Janet Woodcock, deputy commissioner for Scientific and Medical Programs, chief medical officer, and acting director of the FDA's Center for Drug Evaluation and Research (CEDR) revealed during a press briefing that the contaminant constituted between five per cent and 20 per cent of the API in the samples in which it was present.

"This substance . .

.

appears to act like heparin," said Woodcock, although it is unclear as yet as to whether the contaminant was added as a counterfeit API in a bid to reduce manufacturing costs, or whether there is another explanation.

"At this point, we do not know whether the introduction was accidental or whether it was deliberate," she said.

It is worth pointing out that although the FDA has identified the heparin contaminant, it is yet to prove a conclusive link between this and the events that led to the drug's recall from the market.

However, it has been confirmed that the batches of heparin that were associated with the adverse events were found to have the contaminant, while batches that did not have the contaminant were not linked to any of the cases of illness.

It has also been confirmed that although the contaminant was found in samples that were produced in both the Wisconsin plant and the China plant, all were made with APIs manufactured at the China plant.

The identity of the Chinese plant is Changzhou SPL, a factory in the city of the same name.

This facility is actually 55 per cent owned by Scientific Protein Laboratories (SPL) , the company that also supplies the heparin API from a site in Wisconsin, US.

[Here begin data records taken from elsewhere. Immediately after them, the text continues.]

lemma infdist_image_le:
  assumes "B \<noteq> {}" "0 \<le> r" "\<And>x y. dist (h x) (h y) \<le> r * dist x y"
  shows "infdist (h x) (h ` B) \<le> r * infdist x B"
proof (cases "r = 0")
  case True
  obtain b where "b \<in> B" using assms(1) by blast
  then have "infdist (h x) (h ` B) \<le> dist (h x) (h b)" by (intro infdist_le) auto
  also have "\<dots> \<le> 0" using assms(3)[of x b] True by simp
  finally show ?thesis using True by simp
next
  case False
  with assms(2) have "0 < r" by simp
  have "infdist (h x) (h ` B) / r \<le> infdist x B"
    unfolding infdist_notempty[OF assms(1)]
  proof (rule cINF_greatest[OF assms(1)])
    fix b assume "b \<in> B"
    then have "infdist (h x) (h ` B) \<le> r * dist x b"
      using assms(3)[of x b] by (intro infdist_le2) auto
    then show "infdist (h x) (h ` B) / r \<le> dist x b" using \<open>0 < r\<close> by (simp add: field_simps)
  qed
  then show ?thesis using \<open>0 < r\<close> by (simp add: field_simps)
qed

lemma closure_image_eq_image_closure:
  fixes h :: "'a::topological_space \<Rightarrow> 'b::t2_space"
  assumes "compact (closure S)" "continuous_on (closure S) h"
  shows "closure (h ` S) = h ` closure S"
proof
  have "closed (h ` closure S)"
    using assms by (intro compact_imp_closed compact_continuous_image)
  then show "closure (h ` S) \<subseteq> h ` closure S"
    by (intro closure_minimal) (auto intro: closure_subset[THEN subsetD])
  show "h ` closure S \<subseteq> closure (h ` S)"
    using assms(2) by (rule continuous_image_closure_subset) simp
qed

lemma complete_UNIV_bcontfun: "complete (UNIV :: ('a::topological_space \<Rightarrow>\<^sub>C 'b::complete_space) set)"
proof (rule completeI)
  fix f :: "nat \<Rightarrow> 'a \<Rightarrow>\<^sub>C 'b" assume "Cauchy f"
  then obtain g where "uniform_limit UNIV f g sequentially"
    using uniformly_convergent_eq_cauchy[of "\<lambda>_. True" f]
    unfolding Cauchy_def uniform_limit_sequentially_iff
    by (metis dist_fun_lt_imp_dist_val_lt)
  then obtain l where "f \<longlonglongrightarrow> l"
    using uniform_limit_bcontfunE[OF _ sequentially_bot] by metis
  then show "\<exists>l\<in>UNIV. f \<longlonglongrightarrow> l" by blast
qed

section \<open>Hausdorff distance\<close>

lemma hausdorff_dist_commute: "hausdorff_dist A B = hausdorff_dist B A"
  unfolding hausdorff_dist_def by (simp add: max.commute)

lemma infdist_le_hausdorff_dist:
  assumes "bounded A" "B \<noteq> {}" "a \<in> A"
  shows "infdist a B \<le> hausdorff_dist A B"
proof -
  have "infdist a B \<le> (SUP a\<in>A. infdist a B)"
    using bdd_above_infdist_image[OF assms(1,2)] assms(3) by (rule cSUP_upper2) simp
  then show ?thesis unfolding hausdorff_dist_def by simp
qed

lemma SUP_infdist_le_add:
  fixes A B C :: "'a::metric_space set"
  assumes "A \<noteq> {}" "bounded A" "B \<noteq> {}" "bounded B" "C \<noteq> {}"
  shows "(SUP a\<in>A. infdist a C) \<le> (SUP a\<in>A. infdist a B) + (SUP b\<in>B. infdist b C)"
proof (rule cSUP_least[OF assms(1)])
  fix a assume "a \<in> A"
  have "infdist a C - (SUP b\<in>B. infdist b C) \<le> infdist a B"
    unfolding infdist_notempty[OF assms(3)]
  proof (rule cINF_greatest[OF assms(3)])
    fix b assume "b \<in> B"
    have "infdist b C \<le> (SUP b\<in>B. infdist b C)"
      using bdd_above_infdist_image[OF assms(4,5)] \<open>b \<in> B\<close> by (rule cSUP_upper2) simp
    then show "infdist a C - (SUP b\<in>B. infdist b C) \<le> dist a b"
      using infdist_triangle[of a C b] by simp
  qed
  moreover have "infdist a B \<le> (SUP a\<in>A. infdist a B)"
    using bdd_above_infdist_image[OF assms(2,3)] \<open>a \<in> A\<close> by (rule cSUP_upper2) simp
  ultimately show "infdist a C \<le> (SUP a\<in>A. infdist a B) + (SUP b\<in>B. infdist b C)" by simp
qed

lemma hausdorff_dist_triangle:
  fixes A B C :: "'a::metric_space set"
  assumes "A \<noteq> {}" "bounded A" "B \<noteq> {}" "bounded B" "C \<noteq> {}" "bounded C"
  shows "hausdorff_dist A C \<le> hausdorff_dist A B + hausdorff_dist B C"
  using SUP_infdist_le_add[of A B C] SUP_infdist_le_add[of C B A] assms
  unfolding hausdorff_dist_def by fastforce

section \<open>The attractor of a pair of contractions\<close>

primrec ifs_level :: "('a \<Rightarrow> 'a) \<Rightarrow> ('a \<Rightarrow> 'a) \<Rightarrow> 'a \<Rightarrow> nat \<Rightarrow> 'a set" where
  "ifs_level F G p 0 = {p}"
| "ifs_level F G p (Suc n) = F ` ifs_level F G p n \<union> G ` ifs_level F G p n"

definition ifs_orbit :: "('a \<Rightarrow> 'a) \<Rightarrow> ('a \<Rightarrow> 'a) \<Rightarrow> 'a \<Rightarrow> 'a set" where
  "ifs_orbit F G p = (\<Union>n. ifs_level F G p n)"

lemma finite_ifs_level: "finite (ifs_level F G p n)"
  by (induction n) auto

lemma funpow_in_ifs_level: "(G ^^ m) p \<in> ifs_level F G p m"
  by (induction m) auto

lemma start_in_ifs_orbit: "p \<in> ifs_orbit F G p"
  unfolding ifs_orbit_def by (rule UN_I[of 0]) simp_all

lemma ifs_level_subset_ifs_orbit: "ifs_level F G p n \<subseteq> ifs_orbit F G p"
  unfolding ifs_orbit_def by blast

lemma ifs_orbit_invariant:
  assumes "F p = p"
  shows "ifs_orbit F G p = F ` ifs_orbit F G p \<union> G ` ifs_orbit F G p"
proof
  show "ifs_orbit F G p \<subseteq> F ` ifs_orbit F G p \<union> G ` ifs_orbit F G p"
  proof
    fix x assume "x \<in> ifs_orbit F G p"
    then obtain n where x: "x \<in> ifs_level F G p n" unfolding ifs_orbit_def by blast
    show "x \<in> F ` ifs_orbit F G p \<union> G ` ifs_orbit F G p"
    proof (cases n)
      case 0
      then have "x = F p" using x assms by simp
      then show ?thesis using start_in_ifs_orbit[of p F G] by blast
    next
      case (Suc m)
      then have "x \<in> F ` ifs_level F G p m \<union> G ` ifs_level F G p m" using x by simp
      moreover have "F ` ifs_level F G p m \<union> G ` ifs_level F G p m
          \<subseteq> F ` ifs_orbit F G p \<union> G ` ifs_orbit F G p"
        by (intro Un_mono image_mono ifs_level_subset_ifs_orbit)
      ultimately show ?thesis by (rule rev_subsetD)
    qed
  qed
  show "F ` ifs_orbit F G p \<union> G ` ifs_orbit F G p \<subseteq> ifs_orbit F G p"
  proof
    fix x assume "x \<in> F ` ifs_orbit F G p \<union> G ` ifs_orbit F G p"
    then obtain y where y: "y \<in> ifs_orbit F G p" "x = F y \<or> x = G y" by blast
    then obtain n where "y \<in> ifs_level F G p n" unfolding ifs_orbit_def by blast
    then have "x \<in> ifs_level F G p (Suc n)" using y(2) by auto
    then show "x \<in> ifs_orbit F G p" using ifs_level_subset_ifs_orbit[of F G p "Suc n"] by blast
  qed
qed

locale contracting_pair =
  fixes F G :: "'a::metric_space \<Rightarrow> 'a" and r :: real
  assumes complete_ambient: "complete (UNIV :: 'a set)"
    and dist_F_le: "dist (F x) (F y) \<le> r * dist x y"
    and dist_G_le: "dist (G x) (G y) \<le> r * dist x y"
    and factor_nonneg: "0 \<le> r" and factor_less_one: "r < 1"
begin

lemma dist_le_if_map: "h \<in> {F, G} \<Longrightarrow> dist (h x) (h y) \<le> r * dist x y"
  by (cases "h = F") (auto simp: dist_F_le dist_G_le)

definition orbit_radius :: "'a \<Rightarrow> real" where
  "orbit_radius p = (dist (F p) p + dist (G p) p) / (1 - r)"

lemma orbit_radius_nonneg: "0 \<le> orbit_radius p"
  using factor_less_one by (simp add: orbit_radius_def)

lemma dist_ifs_level_le: "x \<in> ifs_level F G p n \<Longrightarrow> dist x p \<le> orbit_radius p"
proof (induction n arbitrary: x)
  case (Suc n)
  obtain h y where h: "h \<in> {F, G}" and y: "y \<in> ifs_level F G p n" and x: "x = h y"
    using Suc.prems by auto
  have "dist (h p) p \<le> (1 - r) * orbit_radius p"
    using h factor_less_one by (auto simp: orbit_radius_def)
  moreover have "dist x p \<le> r * dist y p + dist (h p) p"
    using dist_triangle[of x p "h p"] dist_le_if_map[OF h, of y p] x by simp
  moreover have "r * dist y p \<le> r * orbit_radius p"
    by (rule mult_left_mono[OF Suc.IH[OF y] factor_nonneg])
  ultimately show ?case by (simp add: algebra_simps)
qed (simp add: orbit_radius_nonneg)

lemma ifs_level_approx:
  "x \<in> ifs_level F G p n \<Longrightarrow>
    \<exists>z\<in>(\<Union>m\<le>N. ifs_level F G p m). dist x z \<le> r ^ N * orbit_radius p"
proof (induction N arbitrary: n x)
  case 0
  then show ?case using dist_ifs_level_le by force
next
  case (Suc N)
  show ?case
  proof (cases n)
    case 0
    then have "x = p" using Suc.prems by simp
    moreover have "p \<in> (\<Union>m\<le>Suc N. ifs_level F G p m)" by (auto intro: bexI[of _ 0])
    ultimately show ?thesis
      by (intro bexI[of _ p]) (use factor_nonneg orbit_radius_nonneg[of p] in auto)
  next
    case (Suc n')
    then obtain h y where h: "h \<in> {F, G}" and y: "y \<in> ifs_level F G p n'" and x: "x = h y"
      using Suc.prems by auto
    obtain z m where z: "z \<in> ifs_level F G p m" "m \<le> N" and yz: "dist y z \<le> r ^ N * orbit_radius p"
      using Suc.IH[OF y] by blast
    have "h z \<in> (\<Union>m\<le>Suc N. ifs_level F G p m)"
      using h z by (auto intro!: bexI[of _ "Suc m"])
    moreover have "dist x (h z) \<le> r * (r ^ N * orbit_radius p)"
      using dist_le_if_map[OF h, of y z] mult_left_mono[OF yz factor_nonneg] x by simp
    ultimately show ?thesis by (intro bexI[of _ "h z"]) auto
  qed
qed

lemma compact_closure_ifs_orbit: "compact (closure (ifs_orbit F G p))"
  unfolding compact_eq_totally_bounded
proof (intro conjI allI impI)
  show "complete (closure (ifs_orbit F G p))"
    by (rule complete_closed_subset[OF closed_closure subset_UNIV complete_ambient])
next
  fix e :: real assume "0 < e"
  define D where "D = orbit_radius p + 1"
  have "0 < D" using orbit_radius_nonneg by (simp add: D_def add_nonneg_pos)
  obtain N where N: "r ^ N < e / (2 * D)"
    using real_arch_pow_inv[of "e / (2 * D)" r] \<open>0 < e\<close> \<open>0 < D\<close> factor_less_one by auto
  have "closure (ifs_orbit F G p) \<subseteq> (\<Union>z\<in>(\<Union>m\<le>N. ifs_level F G p m). ball z e)"
  proof
    fix x assume "x \<in> closure (ifs_orbit F G p)"
    then obtain y where y: "y \<in> ifs_orbit F G p" "dist y x < e / 2"
      using \<open>0 < e\<close> by (metis closure_approachable half_gt_zero)
    then obtain n where "y \<in> ifs_level F G p n" unfolding ifs_orbit_def by blast
    then obtain z where z: "z \<in> (\<Union>m\<le>N. ifs_level F G p m)" and "dist y z \<le> r ^ N * orbit_radius p"
      using ifs_level_approx[of y p n N] by blast
    moreover have "r ^ N * orbit_radius p \<le> r ^ N * D"
      unfolding D_def using factor_nonneg by (intro mult_left_mono) auto
    moreover have "r ^ N * D < e / 2" using N \<open>0 < D\<close> by (simp add: field_simps)
    ultimately have "dist z x < e" using y(2) dist_triangle[of z x y] by (simp add: dist_commute)
    with z show "x \<in> (\<Union>z\<in>(\<Union>m\<le>N. ifs_level F G p m). ball z e)" by auto
  qed
  then show "\<exists>k. finite k \<and> closure (ifs_orbit F G p) \<subseteq> (\<Union>z\<in>k. ball z e)"
    by (intro exI[of _ "\<Union>m\<le>N. ifs_level F G p m"] conjI) (simp_all add: finite_ifs_level)
qed

lemma closure_ifs_orbit_invariant:
  assumes "F p = p"
  shows "closure (ifs_orbit F G p) = F ` closure (ifs_orbit F G p) \<union> G ` closure (ifs_orbit F G p)"
proof -
  have closure_image: "closure (h ` ifs_orbit F G p) = h ` closure (ifs_orbit F G p)"
    if "h \<in> {F, G}" for h
  proof (rule closure_image_eq_image_closure[OF compact_closure_ifs_orbit])
    show "continuous_on (closure (ifs_orbit F G p)) h"
      using dist_le_if_map[OF that] factor_nonneg
      by (intro lipschitz_on_continuous_on[where L = r] lipschitz_onI) auto
  qed
  have "closure (ifs_orbit F G p) = closure (F ` ifs_orbit F G p \<union> G ` ifs_orbit F G p)"
    using ifs_orbit_invariant[of F p G, OF assms] by (rule arg_cong)
  also have "\<dots> = F ` closure (ifs_orbit F G p) \<union> G ` closure (ifs_orbit F G p)"
    by (simp add: closure_image)
  finally show ?thesis .
qed

lemma subset_closed_invariant:
  assumes A: "bounded A" "A \<noteq> {}" "A \<subseteq> F ` A \<union> G ` A"
    and B: "closed B" "B \<noteq> {}" "F ` B \<union> G ` B \<subseteq> B"
  shows "A \<subseteq> B"
proof -
  define M where "M = (SUP a\<in>A. infdist a B)"
  have le_M: "infdist a B \<le> M" if "a \<in> A" for a
    unfolding M_def using bdd_above_infdist_image[OF A(1) B(2)] that by (rule cSUP_upper2) simp
  have "M \<le> r * M"
    unfolding M_def
  proof (rule cSUP_least[OF A(2)])
    fix a assume "a \<in> A"
    then have "a \<in> F ` A \<union> G ` A" using A(3) by (rule rev_subsetD)
    then obtain h a' where h: "h \<in> {F, G}" and a': "a' \<in> A" "a = h a'" by auto
    have "h ` B \<subseteq> B" using h B(3) by auto
    then have "infdist a B \<le> infdist (h a') (h ` B)"
      unfolding a'(2) by (rule infdist_mono) (use B(2) in simp)
    also have "\<dots> \<le> r * infdist a' B"
      using B(2) factor_nonneg dist_le_if_map[OF h] by (rule infdist_image_le)
    also have "\<dots> \<le> r * M" using le_M[OF a'(1)] factor_nonneg by (rule mult_left_mono)
    finally show "infdist a B \<le> r * (SUP a\<in>A. infdist a B)" unfolding M_def .
  qed
  moreover have "0 \<le> M"
  proof -
    obtain a where "a \<in> A" using A(2) by blast
    then show ?thesis using le_M[of a] infdist_nonneg[of a B] by linarith
  qed
  ultimately have "M = 0" using factor_less_one by (smt (verit) mult_le_cancel_right1)
  show ?thesis
  proof
    fix a assume "a \<in> A"
    then have "infdist a B = 0" using le_M \<open>M = 0\<close> infdist_nonneg[of a B] by (simp add: antisym)
    then show "a \<in> B" using in_closed_iff_infdist_zero[OF B(1,2)] by simp
  qed
qed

The FDA has conducted an investigation at both of these plants, as well as a facility owned by one of Baxter's subsidiaries in New Jersey, where the finished heparin is packaged, although this facility has now all but been ruled out of the agency's investigation.

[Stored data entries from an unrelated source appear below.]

lemma H1_lincomb:
  fixes u v :: "'a::euclidean_space \<Rightarrow> real" and Du Dv :: "'a \<Rightarrow> 'a"
  assumes U: "U \<in> lmeasurable" and u: "H1 U u Du" and v: "H1 U v Dv"
  shows "H1 U (\<lambda>x. a * u x + b * v x) (\<lambda>x. a *\<^sub>R Du x + b *\<^sub>R Dv x)"
proof -
  have Us: "U \<in> sets lebesgue"
    using U by (rule fmeasurableD)
  note restrict = set_borel_measurable_restrict_space_iff[OF Us]
  have mu: "set_borel_measurable lebesgue U u" "set_borel_measurable lebesgue U Du"
    and su: "set_integrable lebesgue U (\<lambda>x. (u x)\<^sup>2)" "set_integrable lebesgue U (\<lambda>x. (norm (Du x))\<^sup>2)"
    and wu: "\<And>\<phi> \<phi>' i. test_fun U \<phi> \<Longrightarrow> (\<forall>x. (\<phi> has_derivative \<phi>' x) (at x)) \<Longrightarrow> i \<in> Basis \<Longrightarrow>
        (LINT x:U|lebesgue. u x * \<phi>' x i) = - (LINT x:U|lebesgue. (Du x \<bullet> i) * \<phi> x)"
    using u unfolding H1_def by blast+
  have mv: "set_borel_measurable lebesgue U v" "set_borel_measurable lebesgue U Dv"
    and sv: "set_integrable lebesgue U (\<lambda>x. (v x)\<^sup>2)" "set_integrable lebesgue U (\<lambda>x. (norm (Dv x))\<^sup>2)"
    and wv: "\<And>\<phi> \<phi>' i. test_fun U \<phi> \<Longrightarrow> (\<forall>x. (\<phi> has_derivative \<phi>' x) (at x)) \<Longrightarrow> i \<in> Basis \<Longrightarrow>
        (LINT x:U|lebesgue. v x * \<phi>' x i) = - (LINT x:U|lebesgue. (Dv x \<bullet> i) * \<phi> x)"
    using v unfolding H1_def by blast+
  have weak: "(LINT x:U|lebesgue. (a * u x + b * v x) * \<phi>' x i)
      = - (LINT x:U|lebesgue. ((a *\<^sub>R Du x + b *\<^sub>R Dv x) \<bullet> i) * \<phi> x)"
    if \<phi>: "test_fun U \<phi>" "\<forall>x. (\<phi> has_derivative \<phi>' x) (at x)" and i: "i \<in> Basis"
    for \<phi> :: "'a \<Rightarrow> real" and \<phi>' i
  proof -
    note \<phi>_props = test_fun_bounded_continuous[OF \<phi>(1) \<phi>(2)[rule_format] i]
    obtain B where B: "\<And>x. \<bar>\<phi> x\<bar> \<le> B"
      using \<phi>_props(3) by blast
    obtain B' where B': "\<And>x. \<bar>\<phi>' x i\<bar> \<le> B'"
      using \<phi>_props(4) by blast
    have "\<phi> \<in> borel_measurable lebesgue" "(\<lambda>x. \<phi>' x i) \<in> borel_measurable lebesgue"
      using \<phi>_props(1,2) continuous_imp_measurable_on_sets_lebesgue[of UNIV] by (auto simp: lebesgue_on_UNIV_eq)
    note bounded_mult = set_integrable_square_mult_bounded[OF U _ _ this(1) B]
      set_integrable_square_mult_bounded[OF U _ _ this(2) B']
    have Dm: "set_borel_measurable lebesgue U (\<lambda>x. Du x \<bullet> i)" "set_borel_measurable lebesgue U (\<lambda>x. Dv x \<bullet> i)"
      using mu(2) mv(2) unfolding restrict by measurable
    have "(LINT x:U|lebesgue. (a * u x + b * v x) * \<phi>' x i)
        = a * (LINT x:U|lebesgue. u x * \<phi>' x i) + b * (LINT x:U|lebesgue. v x * \<phi>' x i)"
      using bounded_mult(2)[OF mu(1) su(1)] bounded_mult(2)[OF mv(1) sv(1)]
      by (simp add: distrib_right mult.assoc)
    also have "\<dots> = - (a * (LINT x:U|lebesgue. (Du x \<bullet> i) * \<phi> x) + b * (LINT x:U|lebesgue. (Dv x \<bullet> i) * \<phi> x))"
      using wu[OF \<phi> i] wv[OF \<phi> i] by simp
    also have "\<dots> = - (LINT x:U|lebesgue. ((a *\<^sub>R Du x + b *\<^sub>R Dv x) \<bullet> i) * \<phi> x)"
      using bounded_mult(1)[OF Dm(1) set_integrable_inner_square[OF Us mu(2) su(2)]]
        bounded_mult(1)[OF Dm(2) set_integrable_inner_square[OF Us mv(2) sv(2)]]
      by (simp add: inner_add_left distrib_right mult.assoc)
    finally show ?thesis .
  qed
  have "set_integrable lebesgue U (\<lambda>x. (a * u x + b * v x)\<^sup>2)"
    using set_integrable_norm_square_lincomb[OF Us mu(1) mv(1), of a b] su(1) sv(1) by simp
  moreover have "set_integrable lebesgue U (\<lambda>x. (norm (a *\<^sub>R Du x + b *\<^sub>R Dv x))\<^sup>2)"
    using set_integrable_norm_square_lincomb[OF Us mu(2) mv(2) su(2) sv(2)] .
  moreover have "set_borel_measurable lebesgue U (\<lambda>x. a * u x + b * v x)"
    "set_borel_measurable lebesgue U (\<lambda>x. a *\<^sub>R Du x + b *\<^sub>R Dv x)"
    using mu mv unfolding restrict by measurable
  ultimately show ?thesis
    unfolding H1_def using weak by blast
qed

lemma Omega_reflection_bounds:
  assumes "L \<in> Omega \<Lambda>"
  shows "L p x - q \<bullet> p \<le> 2 * (L m x - q \<bullet> m) - (L (2 *\<^sub>R m - p) x - q \<bullet> (2 *\<^sub>R m - p))
           + 2 * \<Lambda> * (norm (p - m))\<^sup>2"
    and "2 * (L m x - q \<bullet> m) - (L p x - q \<bullet> p) \<le> L (2 *\<^sub>R m - p) x - q \<bullet> (2 *\<^sub>R m - p)"
proof -
  have conv: "(1/4) * (norm (p - r))\<^sup>2 \<le> (1/2) * L p x + (1/2) * L r x - L ((1/2) *\<^sub>R p + (1/2) *\<^sub>R r) x
      \<and> (1/2) * L p x + (1/2) * L r x - L ((1/2) *\<^sub>R p + (1/2) *\<^sub>R r) x \<le> (\<Lambda>/4) * (norm (p - r))\<^sup>2" for r
    using assms unfolding Omega_def by blast
  have mid: "(1/2) *\<^sub>R p + (1/2) *\<^sub>R (2 *\<^sub>R m - p) = m"
    by (simp add: algebra_simps)
  have "(norm (p - (2 *\<^sub>R m - p)))\<^sup>2 = 4 * (norm (p - m))\<^sup>2"
    using norm_scaleR[of 2 "p - m"] by (simp add: algebra_simps scaleR_2 power_mult_distrib)
  then have lower: "(norm (p - m))\<^sup>2 \<le> (1/2) * L p x + (1/2) * L (2 *\<^sub>R m - p) x - L m x"
    and upper: "(1/2) * L p x + (1/2) * L (2 *\<^sub>R m - p) x - L m x \<le> \<Lambda> * (norm (p - m))\<^sup>2"
    using conv[of "2 *\<^sub>R m - p"] unfolding mid by auto
  have inner_reflection: "q \<bullet> (2 *\<^sub>R m - p) = 2 * (q \<bullet> m) - q \<bullet> p"
    by (simp add: inner_diff_right)
  show "L p x - q \<bullet> p \<le> 2 * (L m x - q \<bullet> m) - (L (2 *\<^sub>R m - p) x - q \<bullet> (2 *\<^sub>R m - p))
           + 2 * \<Lambda> * (norm (p - m))\<^sup>2"
    using upper unfolding inner_reflection by (simp add: field_simps)
  show "2 * (L m x - q \<bullet> m) - (L p x - q \<bullet> p) \<le> L (2 *\<^sub>R m - p) x - q \<bullet> (2 *\<^sub>R m - p)"
    using order_trans[OF zero_le_power2 lower] unfolding inner_reflection by (simp add: field_simps)
qed

lemma set_borel_measurable_energy_integrand:
  assumes "L \<in> Omega \<Lambda>" "U \<in> sets lebesgue" "set_borel_measurable lebesgue U G"
  shows "set_borel_measurable lebesgue U (energy_integrand L q G)"
proof -
  have L: "\<And>p. (\<lambda>x. L p x) \<in> borel_measurable lebesgue" "\<And>x. continuous_on UNIV (\<lambda>p. L p x)"
    using assms(1) unfolding Omega_def by auto
  have G: "G \<in> borel_measurable (restrict_space lebesgue U)"
    using assms(3) unfolding set_borel_measurable_restrict_space_iff[OF assms(2)] .
  have "(\<lambda>x. L (G x) x) \<in> borel_measurable (restrict_space lebesgue U)"
    using measurable_restrict_space1[OF L(1)] L(2) G by (rule borel_measurable_caratheodory)
  moreover have "(\<lambda>x. q \<bullet> G x) \<in> borel_measurable (restrict_space lebesgue U)"
    using G by measurable
  ultimately show ?thesis
    unfolding energy_integrand_def set_borel_measurable_restrict_space_iff[OF assms(2)]
    by (rule borel_measurable_diff)
qed

lemma mu_le_avg:
  assumes "bdd_below {avg U (energy_integrand L q G) | G. admissible U q L G}"
    and "admissible U q L G"
  shows "mu U q L \<le> avg U (energy_integrand L q G)"
  unfolding mu_def using assms by (intro cInf_lower) auto

lemma avg_le_combination:
  assumes "set_integrable lebesgue U f" "set_integrable lebesgue U g"
    and "set_integrable lebesgue U h" "set_integrable lebesgue U k"
    and "\<And>x. x \<in> U \<Longrightarrow> f x \<le> a * g x - h x + b * k x"
  shows "avg U f \<le> a * avg U g - avg U h + b * avg U k"
proof -
  have "(LINT x:U|lebesgue. f x) \<le> (LINT x:U|lebesgue. a * g x - h x + b * k x)"
    using assms by (intro set_integral_mono) auto
  also have "\<dots> = a * (LINT x:U|lebesgue. g x) - (LINT x:U|lebesgue. h x) + b * (LINT x:U|lebesgue. k x)"
    using assms(2-4) by (simp add: set_integral_add(2) set_integral_diff(2))
  finally have "avg U f \<le> (a * (LINT x:U|lebesgue. g x) - (LINT x:U|lebesgue. h x)
      + b * (LINT x:U|lebesgue. k x)) / measure lebesgue U"
    unfolding avg_def by (rule divide_right_mono) simp
  then show ?thesis
    unfolding avg_def by (simp add: add_divide_distrib diff_divide_distrib)
qed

Folowing the FDA's press briefing, SPL issued a statement maintaining that "thus far, no conclusions have been reached about the root cause.

It is premature to conclude that the heparin API sourced from China and provided by SPL to Baxter is responsible for these adverse events".

"During the call with the media, FDA speculated that the source of the adverse events may be a contaminant.

It is important to note that this theory is speculation at this point, and SPL is participating actively in working with the FDA to pursue this theory as well as others so that we can understand the cause of the adverse events".

However, as a voluntary and precautionary measure, SPL said that it has agreed to voluntarily remove from the market any lots of China-sourced heparin API where tests have indicated the presence of an extra signal/peak in testing.

The firm has notified all its customers who have received certain lots of that API material.

Meanwhile, the firm said that Changzhou SPL is preparing its response to the "concerning" observations made by the FDA during the recent inspection of its facility.

"It is important to emphasise that the root cause of the heparin adverse events has not been tied to any of the agency's observations", said SPL.

Baxter was asked by Outsourcing-Pharma.com to comment but failed to do so before the time of publishing.